_The data_.
(* Let $A,B$ be finite-dimensional $K$-subspaces of $L$ with $K\subset A\cap B$. Suppose there exist $K$-subspaces $\overline{A},\overline{B}\subset L$ such that $$A=K\oplus\overline{A},\quad B=K\oplus\overline{B},\quad K\cap\big(\overline{A}+\overline{B}+\langle\overline{A}\,\overline{B}\rangle\big)=\{0\}.$$ Then $\dim_K\langle AB\rangle\geq\dim_KA+\dim_KB-1$.
   Context: $K$ is a commutative field and $L$ is a (possibly noncommutative) division ring containing $K$ in its center. For $S\subset L$, $\langle S\rangle$ denotes the $K$-subspace of $L$ spanned by $S$. For subsets $S_1,S_2$ of $L$, $S_1S_2=\{s_1s_2\mid s_1\in S_1,s_2\in S_2\}$ (product set). *)

theory Defs
  imports Complex_Main
begin

text \<open>The commutative field K is modelled as a type 'k of class field, embedded into the
division ring 'L via a ring homomorphism phi whose image lies in the centre of 'L.\<close>

definition scl :: "('k::field \<Rightarrow> 'L::division_ring) \<Rightarrow> 'k \<Rightarrow> 'L \<Rightarrow> 'L" where
  "scl phi c x = phi c * x"

definition central_embedding :: "('k::field \<Rightarrow> 'L::division_ring) \<Rightarrow> bool" where
  "central_embedding phi \<longleftrightarrow>
     phi 1 = 1 \<and> (\<forall>a b. phi (a + b) = phi a + phi b) \<and> (\<forall>a b. phi (a * b) = phi a * phi b)
     \<and> (\<forall>c x. phi c * x = x * phi c)"

definition Ksubspace :: "('k::field \<Rightarrow> 'L::division_ring) \<Rightarrow> 'L set \<Rightarrow> bool" where
  "Ksubspace phi S = module.subspace (scl phi) S"

definition Kspan :: "('k::field \<Rightarrow> 'L::division_ring) \<Rightarrow> 'L set \<Rightarrow> 'L set" where
  "Kspan phi S = module.span (scl phi) S"

definition Kdim :: "('k::field \<Rightarrow> 'L::division_ring) \<Rightarrow> 'L set \<Rightarrow> nat" where
  "Kdim phi S = vector_space.dim (scl phi) S"

definition Kfindim :: "('k::field \<Rightarrow> 'L::division_ring) \<Rightarrow> 'L set \<Rightarrow> bool" where
  "Kfindim phi S \<longleftrightarrow> (\<exists>F. finite F \<and> Kspan phi F = S)"

definition setsum :: "'L::plus set \<Rightarrow> 'L set \<Rightarrow> 'L set" where
  "setsum S T = {s + t | s t. s \<in> S \<and> t \<in> T}"

definition setprod :: "'L::times set \<Rightarrow> 'L set \<Rightarrow> 'L set" where
  "setprod S T = {s * t | s t. s \<in> S \<and> t \<in> T}"

end

theory Submission
  imports Defs
begin

text \<open>
  Proof of the linear Kneser-type inequality \<open>dim \<langle>AB\<rangle> \<ge> dim A + dim B - 1\<close> by Dyson's
  \<open>e\<close>-transform, transported to subspaces of a division algebra \<open>L\<close> over a central field \<open>K\<close>.

  Put \<open>H = Abar + Bbar + \<langle>Abar Bbar\<rangle>\<close> and \<open>C = \<langle>AB\<rangle>\<close>.  A pair \<open>(A, B)\<close> of subspaces is called
  admissible if \<open>1 \<in> A \<inter> B\<close>, \<open>AB \<subseteq> C\<close>, \<open>(A \<inter> H) B \<subseteq> H\<close>, \<open>A (B \<inter> H) \<subseteq> H\<close> and
  \<open>A, B \<subseteq> K + H\<close>; as \<open>1 \<notin> H\<close>, every admissible pair satisfies \<open>dim A + dim B \<le> dim C + 1\<close>.
  If \<open>A \<inter> B \<inter> H = 0\<close> then \<open>A \<inter> B = K\<close> and Grassmann's inequality for \<open>A + B \<subseteq> C\<close> suffices.
  Otherwise pick \<open>0 \<noteq> e \<in> A \<inter> B \<inter> H\<close>: the transforms \<open>(A + Ae, {b \<in> B. eb \<in> B})\<close> and
  \<open>({a \<in> A. ae \<in> A}, B + eB)\<close> are admissible and one of them is strictly larger in a bounded
  lexicographic order, which gives an induction.
\<close>

context vector_space
begin

text \<open>Inside a finitely spanned set every independent family is finite and no larger than the
  dimension.  This replaces the library facts that need a finite-dimensional ambient space.\<close>

lemma independent_card_le_dim_fd:
  assumes "T \<subseteq> span F" "finite F" "independent B" "B \<subseteq> T"
  shows "finite B \<and> card B \<le> dim T"
proof -
  obtain BT where BT: "BT \<subseteq> T" "independent BT" "T \<subseteq> span BT" "card BT = dim T"
    using basis_exists by blast
  have "finite BT"
    using independent_span_bound[OF assms(2) BT(2) order_trans[OF BT(1) assms(1)]] by (rule conjunct1)
  moreover have "B \<subseteq> span BT" using assms(4) BT(3) by (rule order_trans)
  ultimately have "finite B \<and> card B \<le> card BT" by (rule independent_span_bound[OF _ assms(3)])
  then show ?thesis using BT(4) by simp
qed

_What is expected_.
Print, from the entries above, the line with "phi 1 = 1 \<and>", the line with "Put \<open>H = Abar" and all lines between them, exactly and with nothing else.

_Result_.
     phi 1 = 1 \<and> (\<forall>a b. phi (a + b) = phi a + phi b) \<and> (\<forall>a b. phi (a * b) = phi a * phi b)
     \<and> (\<forall>c x. phi c * x = x * phi c)"

definition Ksubspace :: "('k::field \<Rightarrow> 'L::division_ring) \<Rightarrow> 'L set \<Rightarrow> bool" where
  "Ksubspace phi S = module.subspace (scl phi) S"

definition Kspan :: "('k::field \<Rightarrow> 'L::division_ring) \<Rightarrow> 'L set \<Rightarrow> 'L set" where
  "Kspan phi S = module.span (scl phi) S"

definition Kdim :: "('k::field \<Rightarrow> 'L::division_ring) \<Rightarrow> 'L set \<Rightarrow> nat" where
  "Kdim phi S = vector_space.dim (scl phi) S"

definition Kfindim :: "('k::field \<Rightarrow> 'L::division_ring) \<Rightarrow> 'L set \<Rightarrow> bool" where
  "Kfindim phi S \<longleftrightarrow> (\<exists>F. finite F \<and> Kspan phi F = S)"

definition setsum :: "'L::plus set \<Rightarrow> 'L set \<Rightarrow> 'L set" where
  "setsum S T = {s + t | s t. s \<in> S \<and> t \<in> T}"

definition setprod :: "'L::times set \<Rightarrow> 'L set \<Rightarrow> 'L set" where
  "setprod S T = {s * t | s t. s \<in> S \<and> t \<in> T}"

end

theory Submission
  imports Defs
begin

text \<open>
  Proof of the linear Kneser-type inequality \<open>dim \<langle>AB\<rangle> \<ge> dim A + dim B - 1\<close> by Dyson's
  \<open>e\<close>-transform, transported to subspaces of a division algebra \<open>L\<close> over a central field \<open>K\<close>.

  Put \<open>H = Abar + Bbar + \<langle>Abar Bbar\<rangle>\<close> and \<open>C = \<langle>AB\<rangle>\<close>.  A pair \<open>(A, B)\<close> of subspaces is called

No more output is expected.